Your Thoughts are Patterns

Patterns are the basis of human behavior and everyone uses patterns in their daily lives. You’re not alone. Pay attention to the patterns and routines you choose and you’ll notice that your behaviors are often automatic, as in, you do them without thinking about doing them.

When we struggle with a problem or get stuck in an emotion, we’re simply running a pattern that doesn’t work anymore. This pattern is likely helping you meet some of your needs, but not helping you address the problem you want to solve. If you’re going to get on with your life and breakthrough your block, you must break the pattern! Whatever your thinking pattern may be you must break the pattern.

Interrupt Your Negative Pattern

There are tons of ways to break patterns. Lets focus on the problem of negative thinking. Everyone has struggled with negative thinking at some point in their lives. Did you know that merely thinking positive simply doesn’t break the pattern? You may think about something positive for a moment, a minute or a little longer if you’re lucky, but inevitably the negative thoughts return.

Negative thoughts are patterns of thinking. If you want to change your negative thinking you have to break the pattern and introduce a new way of thinking to crowd out negative thinking; there is no other way.

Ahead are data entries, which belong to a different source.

(* Let $\alpha,\beta\in(0,\pi)$ with $\alpha+\beta\ge\pi$. Then \[ P(S_{\alpha,\beta})=\frac{1}{\sin\frac{\min\{\alpha,\beta,\alpha+\beta-\pi\}}{2}}, \] with the convention $1/\sin 0=+\infty$.
   Context: For $\alpha\in(0,2\pi)$, $S_\alpha=\{re^{it}: r>0,\ t\in(0,\alpha)\}$. For $\alpha,\beta\in(0,\pi)$ with $\alpha+\beta\ge\pi$ the double angular domain is \[ S_{\alpha,\beta}=S_\alpha\cap\{1+re^{it}: r>0,\ t\in(\pi-\beta,\pi)\}, \] whose boundary in $\overline{\mathbb{C}}$ is the Jordan curve formed by the segment $[0,1]$, two rays and the point $\infty$. For four distinct points $a,b,c,d\in\overline{\mathbb{C}}$ set $p(a,b,c,d)=\frac{|a-b||c-d|+|a-d||b-c|}{|a-c||b-d|}$, with the expression understood as a limit (factors containing $\infty$ cancelled) if one point is $\infty$. For a domain $D\subset\overline{\mathbb{C}}$ with Jordan boundary, $P(D)=\sup p(a,b,c,d)$ over all distinct $a,b,c,d\in\partial D$ occurring in this order along the positively oriented boundary. *)

theory Defs
  imports Complex_Main "HOL-Library.Extended_Real"
begin

definition S_ang :: "real \<Rightarrow> complex set" where
  "S_ang \<alpha> = {of_real r * cis t | r t. r > 0 \<and> 0 < t \<and> t < \<alpha>}"

definition S_double :: "real \<Rightarrow> real \<Rightarrow> complex set" where
  "S_double \<alpha> \<beta> = S_ang \<alpha> \<inter> {1 + of_real r * cis t | r t. r > 0 \<and> pi - \<beta> < t \<and> t < pi}"

text \<open>Points of the extended plane: None is the point at infinity.\<close>

text \<open>The cross-ratio-type quantity p(a,b,c,d); if one point is infinity, the
  factors containing it are cancelled (this is the limit value).\<close>
fun pq :: "complex option \<Rightarrow> complex option \<Rightarrow> complex option \<Rightarrow> complex option \<Rightarrow> real" where
  "pq (Some a) (Some b) (Some c) (Some d) =
     (cmod (a - b) * cmod (c - d) + cmod (a - d) * cmod (b - c)) / (cmod (a - c) * cmod (b - d))"
| "pq (Some a) (Some b) (Some c) None = (cmod (a - b) + cmod (b - c)) / cmod (a - c)"
| "pq (Some a) (Some b) None (Some d) = (cmod (a - b) + cmod (a - d)) / cmod (b - d)"
| "pq (Some a) None (Some c) (Some d) = (cmod (c - d) + cmod (a - d)) / cmod (a - c)"
| "pq None (Some b) (Some c) (Some d) = (cmod (c - d) + cmod (b - c)) / cmod (b - d)"
| "pq _ _ _ _ = 0"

Interrupting negative thought patterns begins with understanding what change expert Anthony Robbins refers to as the Emotional Triad.

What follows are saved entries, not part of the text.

lemma is_linear_sum_mset: "is_linear F \<Longrightarrow> F (\<Sum>a\<in>#A. g a) = (\<Sum>a\<in>#A. F (g a))"
  by (induction A) (simp_all add: is_linear_0 is_linear_add)

lemma is_linear_eq_lin_ext:
  assumes "is_linear F"
  shows "F x = lin_ext (\<lambda>k. F (Poly_Mapping.single k 1)) x"
proof -
  have "F x = F (\<Sum>k\<in>Poly_Mapping.keys x. scal (Poly_Mapping.lookup x k) (Poly_Mapping.single k 1))"
    using lin_ext_single_1[of x] by (simp add: lin_ext_def)
  also have "\<dots> = lin_ext (\<lambda>k. F (Poly_Mapping.single k 1)) x"
    by (simp add: lin_ext_def is_linear_sum[OF assms] is_linear_scal[OF assms] del: scal_single)
  finally show ?thesis .
qed

lemma is_linear_eqI:
  assumes "is_linear F" "is_linear G" "\<And>k. F (Poly_Mapping.single k 1) = G (Poly_Mapping.single k 1)"
  shows "F x = G x"
proof -
  have "F x = lin_ext (\<lambda>k. F (Poly_Mapping.single k 1)) x"
    by (rule is_linear_eq_lin_ext[OF assms(1)])
  also have "\<dots> = lin_ext (\<lambda>k. G (Poly_Mapping.single k 1)) x"
    by (simp only: assms(3))
  also have "\<dots> = G x"
    by (rule is_linear_eq_lin_ext[OF assms(2), symmetric])
  finally show ?thesis .
qed

lemma is_bilinear_eqI:
  assumes "\<And>y. is_linear (\<lambda>x. F x y)" "\<And>x. is_linear (F x)"
    and "\<And>y. is_linear (\<lambda>x. G x y)" "\<And>x. is_linear (G x)"
    and "\<And>a b. F (Poly_Mapping.single a 1) (Poly_Mapping.single b 1)
               = G (Poly_Mapping.single a 1) (Poly_Mapping.single b 1)"
  shows "F x y = G x y"
proof -
  have "F (Poly_Mapping.single a 1) y = G (Poly_Mapping.single a 1) y" for a
    by (rule is_linear_eqI[OF assms(2,4,5)])
  then show ?thesis
    using is_linear_eqI[where F = "\<lambda>x. F x y" and G = "\<lambda>x. G x y", OF assms(1,3)] by blast
qed

lemma is_linear_id: "is_linear id"
  by (simp add: is_linear_def)

lemma is_linear_const_0: "is_linear (\<lambda>x. 0)"
  by (simp add: is_linear_def)

lemma is_linear_compose: "is_linear F \<Longrightarrow> is_linear G \<Longrightarrow> is_linear (\<lambda>x. F (G x))"
  by (simp add: is_linear_def)

lemma is_linear_compose_add: "is_linear F \<Longrightarrow> is_linear G \<Longrightarrow> is_linear (\<lambda>x. F x + G x)"
  by (simp add: is_linear_def scal_add_right algebra_simps)

lemma is_linear_mult_left: "is_linear (\<lambda>x. x * (y :: 'a::comm_monoid_add \<Rightarrow>\<^sub>0 rat))"
  by (simp add: is_linear_def distrib_right scal_mult_left)

lemma is_linear_mult_right: "is_linear (\<lambda>x. (y :: 'a::comm_monoid_add \<Rightarrow>\<^sub>0 rat) * x)"
  by (simp add: is_linear_def distrib_left scal_mult_right)

section \<open>Tensor products and the coproduct\<close>

lemma tensor_lin_ext: "tensor x y = lin_ext (\<lambda>M. lin_ext (\<lambda>N. Poly_Mapping.single (M, N) 1) y) x"
  unfolding tensor_def lin_ext_def by (simp add: scal_sum)

lemma is_linear_tensor_left: "is_linear (\<lambda>x. tensor x y)"
  unfolding tensor_lin_ext by (rule is_linear_lin_ext)

lemma is_linear_tensor_right: "is_linear (tensor x)"
  by (simp add: is_linear_def tensor_lin_ext lin_ext_add lin_ext_scal lin_ext_fun_add lin_ext_fun_scal)

lemma tensor_single [simp]:
  "tensor (Poly_Mapping.single a c) (Poly_Mapping.single b d) = Poly_Mapping.single (a, b) (c * d)"
  by (simp add: tensor_lin_ext)

lemma tensor_forest [simp]: "tensor (forest A) (forest B) = Poly_Mapping.single (A, B) 1"
  by (simp add: forest_def)

lemma tensor_0_left [simp]: "tensor 0 y = 0"
  by (rule is_linear_0[OF is_linear_tensor_left])

lemma tensor_0_right [simp]: "tensor x 0 = 0"
  by (rule is_linear_0[OF is_linear_tensor_right])

lemma tensor_add_left: "tensor (x + y) z = tensor x z + tensor y z"
  by (rule is_linear_add[OF is_linear_tensor_left])

lemma tensor_add_right: "tensor z (x + y) = tensor z x + tensor z y"
  by (rule is_linear_add[OF is_linear_tensor_right])

lemma tensor_scal_left: "tensor (scal c x) z = scal c (tensor x z)"
  by (rule is_linear_scal[OF is_linear_tensor_left])

lemma tensor_scal_right: "tensor z (scal c x) = scal c (tensor z x)"
  by (rule is_linear_scal[OF is_linear_tensor_right])

lemma one_H_eq_forest: "(1 :: H) = forest {#}"
  by (simp add: forest_def)

lemma one_HH_eq_single: "(1 :: HH) = Poly_Mapping.single ({#}, {#}) 1"
  by (metis single_one zero_prod_def)

lemma tensor_single_one: "tensor (Poly_Mapping.single A c) 1 = Poly_Mapping.single (A, {#}) c"
  by (simp only: one_H_eq_forest forest_def tensor_single mult_1_right)

lemma tensor_one_single: "tensor 1 (Poly_Mapping.single A c) = Poly_Mapping.single ({#}, A) c"
  by (simp only: one_H_eq_forest forest_def tensor_single mult_1)

lemma tensor_one_one: "tensor 1 1 = 1"
  by (simp only: one_H_eq_forest one_HH_eq_single forest_def tensor_single mult_1)

lemma forest_mult: "forest A * forest B = forest (A + B)"
  by (simp add: forest_def mult_single)

lemma tensor_mult: "tensor x y * tensor u v = tensor (x * u) ((y * v) :: H)"
proof -
  have basis: "tensor (Poly_Mapping.single a 1) y * tensor (Poly_Mapping.single c 1) v
      = tensor (Poly_Mapping.single a 1 * Poly_Mapping.single c 1) (y * v)" for a c and y v :: H
    by (rule is_bilinear_eqI[where F = "\<lambda>y v. tensor (Poly_Mapping.single a 1) y * tensor (Poly_Mapping.single c 1) v"])
      (simp_all add: mult_single
        is_linear_compose[OF is_linear_mult_left is_linear_tensor_right]
        is_linear_compose[OF is_linear_mult_right is_linear_tensor_right]
        is_linear_compose[OF is_linear_tensor_right is_linear_mult_left]
        is_linear_compose[OF is_linear_tensor_right is_linear_mult_right])
  show ?thesis
    by (rule is_bilinear_eqI[where F = "\<lambda>x u. tensor x y * tensor u v"])
      (simp_all add: basis
        is_linear_compose[OF is_linear_mult_left is_linear_tensor_left]
        is_linear_compose[OF is_linear_mult_right is_linear_tensor_left]
        is_linear_compose[OF is_linear_tensor_left is_linear_mult_left]
        is_linear_compose[OF is_linear_tensor_left is_linear_mult_right])
qed

definition tensor_map :: "(H \<Rightarrow> H) \<Rightarrow> (H \<Rightarrow> H) \<Rightarrow> HH \<Rightarrow> HH" where
  "tensor_map f g = lin_ext (\<lambda>(A, B). tensor (f (forest A)) (g (forest B)))"

lemma is_linear_tensor_map: "is_linear (tensor_map f g)"
  unfolding tensor_map_def by (rule is_linear_lin_ext)

lemma tensor_map_single [simp]:
  "tensor_map f g (Poly_Mapping.single (A, B) 1) = tensor (f (forest A)) (g (forest B))"
  by (simp add: tensor_map_def)

lemma tensor_map_tensor:
  assumes "is_linear f" "is_linear g"
  shows "tensor_map f g (tensor u v) = tensor (f u) (g v)"
proof (rule is_bilinear_eqI[where F = "\<lambda>u v. tensor_map f g (tensor u v)"])
  show "is_linear (\<lambda>u. tensor_map f g (tensor u v))" "is_linear (\<lambda>v. tensor_map f g (tensor u v))"
    "is_linear (\<lambda>u. tensor (f u) v)" "is_linear (\<lambda>v. tensor (f u) (g v))" for u v
    by (simp_all add: is_linear_compose[OF is_linear_tensor_map is_linear_tensor_left]
        is_linear_compose[OF is_linear_tensor_map is_linear_tensor_right]
        is_linear_compose[OF is_linear_tensor_left assms(1)]
        is_linear_compose[OF is_linear_tensor_right assms(2)])
qed (simp add: forest_def)

lemma tensor_map_compose:
  assumes "is_linear f" "is_linear g" "is_linear f'" "is_linear g'"
  shows "tensor_map f g (tensor_map f' g' X) = tensor_map (\<lambda>x. f (f' x)) (\<lambda>x. g (g' x)) X"
  by (rule is_linear_eqI[OF is_linear_compose[OF is_linear_tensor_map is_linear_tensor_map]
        is_linear_tensor_map])
    (auto simp: tensor_map_tensor assms)

lemma Delta_lin_ext: "Delta = lin_ext Delta_forest"
  by (simp add: fun_eq_iff Delta_def lin_ext_def)

lemma is_linear_Delta: "is_linear Delta"
  by (simp add: Delta_lin_ext)

lemma Delta_single [simp]: "Delta (Poly_Mapping.single F c) = scal c (Delta_forest F)"
  by (simp add: Delta_lin_ext)

lemma Delta_forest: "Delta (forest F) = Delta_forest F"
  by (simp add: forest_def)

lemma Delta_forest_empty [simp]: "Delta_forest {#} = 1"
  by (simp add: Delta_forest_def)

lemma Delta_forest_union: "Delta_forest (A + B) = Delta_forest A * Delta_forest B"
  by (simp add: Delta_forest_def)

lemma Delta_forest_add_mset: "Delta_forest (add_mset t F) = Delta_tree t * Delta_forest F"
  by (simp add: Delta_forest_def)

lemma Delta_mult: "Delta (x * y) = Delta x * Delta y"
  by (rule is_bilinear_eqI[where F = "\<lambda>x y. Delta (x * y)"])
    (simp_all add: mult_single Delta_forest_union
      is_linear_compose[OF is_linear_Delta is_linear_mult_left]
      is_linear_compose[OF is_linear_Delta is_linear_mult_right]
      is_linear_compose[OF is_linear_mult_left is_linear_Delta]
      is_linear_compose[OF is_linear_mult_right is_linear_Delta])

lemma Delta_eq_rDelta: "Delta x = rDelta x + tensor 1 x + tensor x 1"
  by (simp add: rDelta_def)

lemma Delta_primitive: "primitive q \<Longrightarrow> Delta q = tensor 1 q + tensor q 1"
  by (simp add: Delta_eq_rDelta primitive_def)

section \<open>Admissible cuts and the cocycle property of B+\<close>

definition B_plus :: "H \<Rightarrow> H" where
  "B_plus = lin_ext (\<lambda>F. forest {#Node F#})"

lemma is_linear_B_plus: "is_linear B_plus"
  unfolding B_plus_def by (rule is_linear_lin_ext)

lemma B_plus_single [simp]: "B_plus (Poly_Mapping.single F c) = Poly_Mapping.single {#Node F#} c"
  by (simp add: B_plus_def forest_def)

lemma B_plus_forest [simp]: "B_plus (forest F) = forest {#Node F#}"
  by (simp add: forest_def)

lemma image_mset_sum_mset: "image_mset f (\<Sum>b\<in>#B. g b) = (\<Sum>b\<in>#B. image_mset f (g b))"
  by (induction B) auto

lemma sum_mset_sum_mset_image: "(\<Sum>x\<in>#(\<Sum>a\<in>#A. g a). f x) = (\<Sum>a\<in>#A. \<Sum>x\<in>#g a. f x)"
  by (induction A) auto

Your patterns of behavior are created by your Focus/Beliefs, Physiology and Language. Using the Emotional Triad of Change you can take any negative pattern and break the emotional ties that are linked to that behavior. Simply by using what you Focus on, doing something different with your Physiology and/or changing how you talk about your problem (Language). All of these are ways to do something different and start the process of change in your life!

Change in Action

Let’s say you’re over-eating, you’re getting fat and you want to stop. Great! You’ve identified the pattern. Now, choose your change agent; will it be focus, physiology or language? Interrupt the pattern the next time it happens. If you regularly say to yourself, “I need more chips” right before you sit down to watch television, then you have to interrupt the pattern and start saying something different, like “I want chips but I can choose whether I eat them or not” or “Chips make me fat!” If your change agent is physiology then you must refrain from sitting in front of the television; and if your change agent is focus you must pause or turn off the television immediately and focus on something else! You must use any change agent to get your own attention immediately! Patterns run because you’re simply not paying attention. If you immediately interrupt your pattern then you will pay attention and when you’re paying attention, YOU CAN CHOOSE!

Repeat Your New Pattern

If you want to make your new pattern last, then you must repeat your pattern over and over until it sets in. If you used language as your change agent, then you likely changed your language from “I need more chips” to “Every chip I eat makes me more and more fat!” It’s that simple. Try it! See how long it takes before you feel silly and fat and put the chips away or better yet, before you throw them away! In this change process, emotion is everything; no emotion, no change. The more intense your emotion while you interrupt the pattern with your change agent, the deeper your change will be.